From the entries provided below, copy each line that contains the word "take".

=== Begin Enclosure ===

(* Let $\mathcal P$ be a path and let $\{p_1,\dots,p_m\}$ and $\{q_1,\dots,q_k\}$ be two different sets of plaquettes in $\mathcal B_{\mathcal P}$ such that $\bigoplus_{i=1}^m\vec\alpha^{p_i}=\bigoplus_{j=1}^k\vec\alpha^{q_j}$ when restricted to $\mathrm{Conn}(\mathcal P)$. Then for every configuration $\vec i$, $\theta_{\mathcal P}(\vec i,p_1,\dots,p_m)=\theta_{\mathcal P}(\vec i,q_1,\dots,q_k)$.
   Context: Let $\Lambda$ be a hexagonal (honeycomb) lattice embedded in a closed orientable surface, with one qubit on each edge. For an edge $j$, $\sigma^x_j,\sigma^z_j$ denote the Pauli operators on qubit $j$ and $n^{\pm}_j=\tfrac12(1\pm\sigma^z_j)$. A (string) configuration $\vec i$ is a computational basis state, viewed as a bit string assigning $0$ (empty) or $1$ (occupied) to each edge; $\vec i\oplus\vec\alpha$ is bitwise addition mod 2. For a hexagonal plaquette $p$, label its boundary edges $1,\dots,6$ cyclically (index $0$ means $6$) and its outgoing edges so that edge $12$ meets edges $6,1$; edge $7$ meets $1,2$; edge $8$ meets $2,3$; edge $9$ meets $3,4$; edge $10$ meets $4,5$; edge $11$ meets $5,6$. Define $B_p=\Big(\prod_{j=1}^6\sigma^x_j\Big)\Big(\prod_{j=1}^6(-1)^{n^-_{j-1}n^+_j}\Big)\,i^{n^-_{12}(n^-_1n^-_6-n^+_1n^+_6)}\,i^{n^-_7(n^+_1n^+_2-n^-_1n^-_2)}\,i^{n^+_8(n^-_2n^+_3-n^+_2n^-_3)}\,i^{n^-_9(n^-_3n^-_4-n^+_3n^+_4)}\,i^{n^-_{10}(n^+_4n^+_5-n^-_4n^-_5)}\,i^{n^+_{11}(n^-_5n^+_6-n^+_5n^-_6)}$; all $B_p$ commute pairwise and square to the identity, and the product of all $B_p$ over the lattice is the identity. Write $B_p=\prod_{j\in\partial p}\sigma^x_j\sum_{\vec i}b_p(\vec i)|\vec i\rangle\langle\vec i|$, defining the phase $b_p(\vec i)$. Let $\vec\alpha^p$ be the configuration occupied exactly on the boundary edges of $p$. A path $\mathcal P$ is a sequence of edges forming a walk; $\vec\alpha^{\mathcal P}$ is the mod-2 sum of the indicators of its edges and $X_{\mathcal P}$ the product of $\sigma^x$ over its edges. $\mathrm{Conn}(\mathcal P)$ is the set of edges of $\mathcal P$ together with all edges sharing a vertex with an edge of $\mathcal P$; $\mathcal B_{\mathcal P}$ is the set of plaquettes with at least one boundary edge in $\mathrm{Conn}(\mathcal P)$. Define $\theta_{\mathcal P}(\vec i,p_1,\dots,p_m)=\prod_{k=1}^m \frac{b_{p_k}(\vec i\oplus\vec\alpha^{\mathcal P}\oplus\bigoplus_{j<k}\vec\alpha^{p_j})}{b_{p_k}(\vec i\oplus\bigoplus_{j<k}\vec\alpha^{p_j})}$ for configurations $\vec i$ on the whole lattice. *)

theory Defs
  imports Complex_Main
begin

text \<open>For a plaquette p,
  lab p j (j = 1..6) are its boundary edges in cyclic order and
  lab p (6+j) (j = 1..6) is the outgoing edge at the corner where boundary
  edges j and j+1 meet (index 7 means 1), i.e. edge 7 meets 1,2, ..., edge 12 meets 6,1.\<close>

definition nxt6 :: "nat \<Rightarrow> nat" where
  "nxt6 j = (if j = 6 then 1 else j + 1)"

definition prv6 :: "nat \<Rightarrow> nat" where
  "prv6 j = (if j = 1 then 6 else j - 1)"

definition symd :: "'a set \<Rightarrow> 'a set \<Rightarrow> 'a set" where
  "symd A B = (A - B) \<union> (B - A)"

definition honeycomb ::
  "'v set \<Rightarrow> 'e set \<Rightarrow> 'p set \<Rightarrow> ('e \<Rightarrow> 'v set) \<Rightarrow> ('p \<Rightarrow> nat \<Rightarrow> 'e) \<Rightarrow> bool" where
  "honeycomb V E P ends lab \<longleftrightarrow>
     finite V \<and> finite E \<and> finite P \<and> P \<noteq> {} \<and>
     (\<forall>e\<in>E. ends e \<subseteq> V \<and> card (ends e) = 2) \<and>
     (\<forall>v\<in>V. card {e\<in>E. v \<in> ends e} = 3) \<and>
     (\<forall>p\<in>P. lab p ` {1..12} \<subseteq> E \<and> inj_on (lab p) {1..12} \<and>
        (\<forall>j\<in>{1..6}. ends (lab p (j + 6)) \<inter> ends (lab p j) \<inter> ends (lab p (nxt6 j)) \<noteq> {})) \<and>
     (\<forall>e\<in>E. card {p\<in>P. e \<in> lab p ` {1..6}} = 2) \<and>
     \<comment> \<open>orientability: the cyclic labellings induce opposite directions on shared edges\<close>
     (\<forall>p\<in>P. \<forall>q\<in>P. \<forall>j\<in>{1..6}. \<forall>k\<in>{1..6}. p \<noteq> q \<and> lab p j = lab q k \<longrightarrow>
        ends (lab p j) \<inter> ends (lab p (nxt6 j)) \<noteq> ends (lab q k) \<inter> ends (lab q (nxt6 k))) \<and>
     \<comment> \<open>connectedness\<close>
     (\<forall>u\<in>V. \<forall>v\<in>V. (u, v) \<in> {(x, y). \<exists>e\<in>E. ends e = {x, y}}\<^sup>*)"

text \<open>A configuration is the set of occupied edges (a subset of E); bitwise
  addition mod 2 is symmetric difference.  n^-_k = 1 iff edge k is occupied
  (sigma^z = -1 on |1>), n^+_k = 1 iff edge k is empty.\<close>

definition alpha_p :: "('p \<Rightarrow> nat \<Rightarrow> 'e) \<Rightarrow> 'p \<Rightarrow> 'e set" where
  "alpha_p lab p = lab p ` {1..6}"

definition bphase :: "('p \<Rightarrow> nat \<Rightarrow> 'e) \<Rightarrow> 'p \<Rightarrow> 'e set \<Rightarrow> complex" where
  "bphase lab p i =
     (let nm = (\<lambda>k. if lab p k \<in> i then (1::int) else 0);
          np = (\<lambda>k. if lab p k \<in> i then (0::int) else 1)
      in (\<Prod>j\<in>{1..6}. (-1::complex) powi (nm (prv6 j) * np j))
         * \<i> powi (nm 12 * (nm 1 * nm 6 - np 1 * np 6))
         * \<i> powi (nm 7 * (np 1 * np 2 - nm 1 * nm 2))
         * \<i> powi (np 8 * (nm 2 * np 3 - np 2 * nm 3))
         * \<i> powi (nm 9 * (nm 3 * nm 4 - np 3 * np 4))
         * \<i> powi (nm 10 * (np 4 * np 5 - nm 4 * nm 5))
         * \<i> powi (np 11 * (nm 5 * np 6 - np 5 * nm 6)))"

text \<open>B_p |i> = b_p(i) |i + alpha^p>.  Phase of B_{p_m} ... B_{p_1} |i> (p_1 applied first).\<close>

fun prodphase :: "('p \<Rightarrow> nat \<Rightarrow> 'e) \<Rightarrow> 'p list \<Rightarrow> 'e set \<Rightarrow> complex" where
  "prodphase lab [] i = 1"
| "prodphase lab (p # ps) i = bphase lab p i * prodphase lab ps (symd i (alpha_p lab p))"

definition B_commute :: "'e set \<Rightarrow> 'p set \<Rightarrow> ('p \<Rightarrow> nat \<Rightarrow> 'e) \<Rightarrow> bool" where
  "B_commute E P lab \<longleftrightarrow> (\<forall>p\<in>P. \<forall>q\<in>P. \<forall>i. i \<subseteq> E \<longrightarrow>
     bphase lab q (symd i (alpha_p lab p)) * bphase lab p i =
     bphase lab p (symd i (alpha_p lab q)) * bphase lab q i)"

definition B_square_id :: "'e set \<Rightarrow> 'p set \<Rightarrow> ('p \<Rightarrow> nat \<Rightarrow> 'e) \<Rightarrow> bool" where
  "B_square_id E P lab \<longleftrightarrow> (\<forall>p\<in>P. \<forall>i. i \<subseteq> E \<longrightarrow>
     bphase lab p (symd i (alpha_p lab p)) * bphase lab p i = 1)"

definition xsum :: "('p \<Rightarrow> 'e set) \<Rightarrow> 'p list \<Rightarrow> 'e set" where
  "xsum a ps = foldr (\<lambda>p acc. symd (a p) acc) ps {}"

definition B_product_id :: "'e set \<Rightarrow> 'p set \<Rightarrow> ('p \<Rightarrow> nat \<Rightarrow> 'e) \<Rightarrow> bool" where
  "B_product_id E P lab \<longleftrightarrow> (\<forall>ps. distinct ps \<and> set ps = P \<longrightarrow>
     xsum (alpha_p lab) ps = {} \<and> (\<forall>i. i \<subseteq> E \<longrightarrow> prodphase lab ps i = 1))"

definition is_walk :: "'e set \<Rightarrow> ('e \<Rightarrow> 'v set) \<Rightarrow> 'e list \<Rightarrow> bool" where
  "is_walk E ends es \<longleftrightarrow> (\<exists>vs. length vs = length es + 1 \<and>
     (\<forall>k < length es. es ! k \<in> E \<and> ends (es ! k) = {vs ! k, vs ! Suc k}))"

definition alpha_path :: "'e list \<Rightarrow> 'e set" where
  "alpha_path es = {e. odd (length (filter (\<lambda>f. f = e) es))}"

definition Conn :: "'e set \<Rightarrow> ('e \<Rightarrow> 'v set) \<Rightarrow> 'e list \<Rightarrow> 'e set" where
  "Conn E ends es = set es \<union> {f\<in>E. \<exists>e\<in>set es. ends e \<inter> ends f \<noteq> {}}"

definition Bplaq :: "'e set \<Rightarrow> 'p set \<Rightarrow> ('e \<Rightarrow> 'v set) \<Rightarrow> ('p \<Rightarrow> nat \<Rightarrow> 'e) \<Rightarrow> 'e list \<Rightarrow> 'p set" where
  "Bplaq E P ends lab es = {p\<in>P. alpha_p lab p \<inter> Conn E ends es \<noteq> {}}"

definition theta :: "('p \<Rightarrow> nat \<Rightarrow> 'e) \<Rightarrow> 'e list \<Rightarrow> 'e set \<Rightarrow> 'p list \<Rightarrow> complex" where
  "theta lab es i ps =
     (\<Prod>k<length ps.
        bphase lab (ps ! k) (symd (symd i (alpha_path es)) (xsum (alpha_p lab) (take k ps)))
        / bphase lab (ps ! k) (symd i (xsum (alpha_p lab) (take k ps))))"

end

theory Submission
  imports Defs "HOL-Library.Multiset"
begin

text \<open>Write \<open>g(L, x)\<close> for the phase of the product of the \<open>B_p\<close> along the list \<open>L\<close> started at
  \<open>x\<close>, so that \<open>\<theta>\<close> is the ratio \<open>g(L, x + \<alpha>) / g(L, x)\<close> with \<open>\<alpha>\<close> the indicator of the path.
  Since the \<open>B_p\<close> commute and square to the identity, \<open>g\<close> only depends on the multiset of plaquettes, and the plaquettes common to both
  lists contribute the same factor to both ratios.  It therefore suffices that the product over
  the symmetric difference \<open>S\<close> of the two plaquette sets is insensitive to flipping the path
  edges.  The hypothesis says that \<open>\<Sum>\<^sub>p\<^sub>\<in>\<^sub>S \<alpha>\<^sup>p\<close> vanishes on \<open>Conn\<close>, i.e. that the two faces of
  every edge of \<open>Conn\<close> lie both in \<open>S\<close> or both outside.  The honeycomb geometry then forces
  every plaquette whose operator reads a path edge \<open>e\<close> (as boundary or outgoing edge) to lie on
  the same side of \<open>S\<close>.  If they lie outside, the product over \<open>S\<close> does not read \<open>e\<close> at all;
  if they lie inside, the product over all plaquettes being the identity expresses the product
  over \<open>S\<close> through the product over the complement, which does not read \<open>e\<close>.\<close>

lemma symd_assoc: "symd (symd a b) c = symd a (symd b c)"
  by (auto simp: symd_def)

=== End Enclosure ===

Output of the exercise |
        bphase lab (ps ! k) (symd (symd i (alpha_path es)) (xsum (alpha_p lab) (take k ps)))
        / bphase lab (ps ! k) (symd i (xsum (alpha_p lab) (take k ps))))"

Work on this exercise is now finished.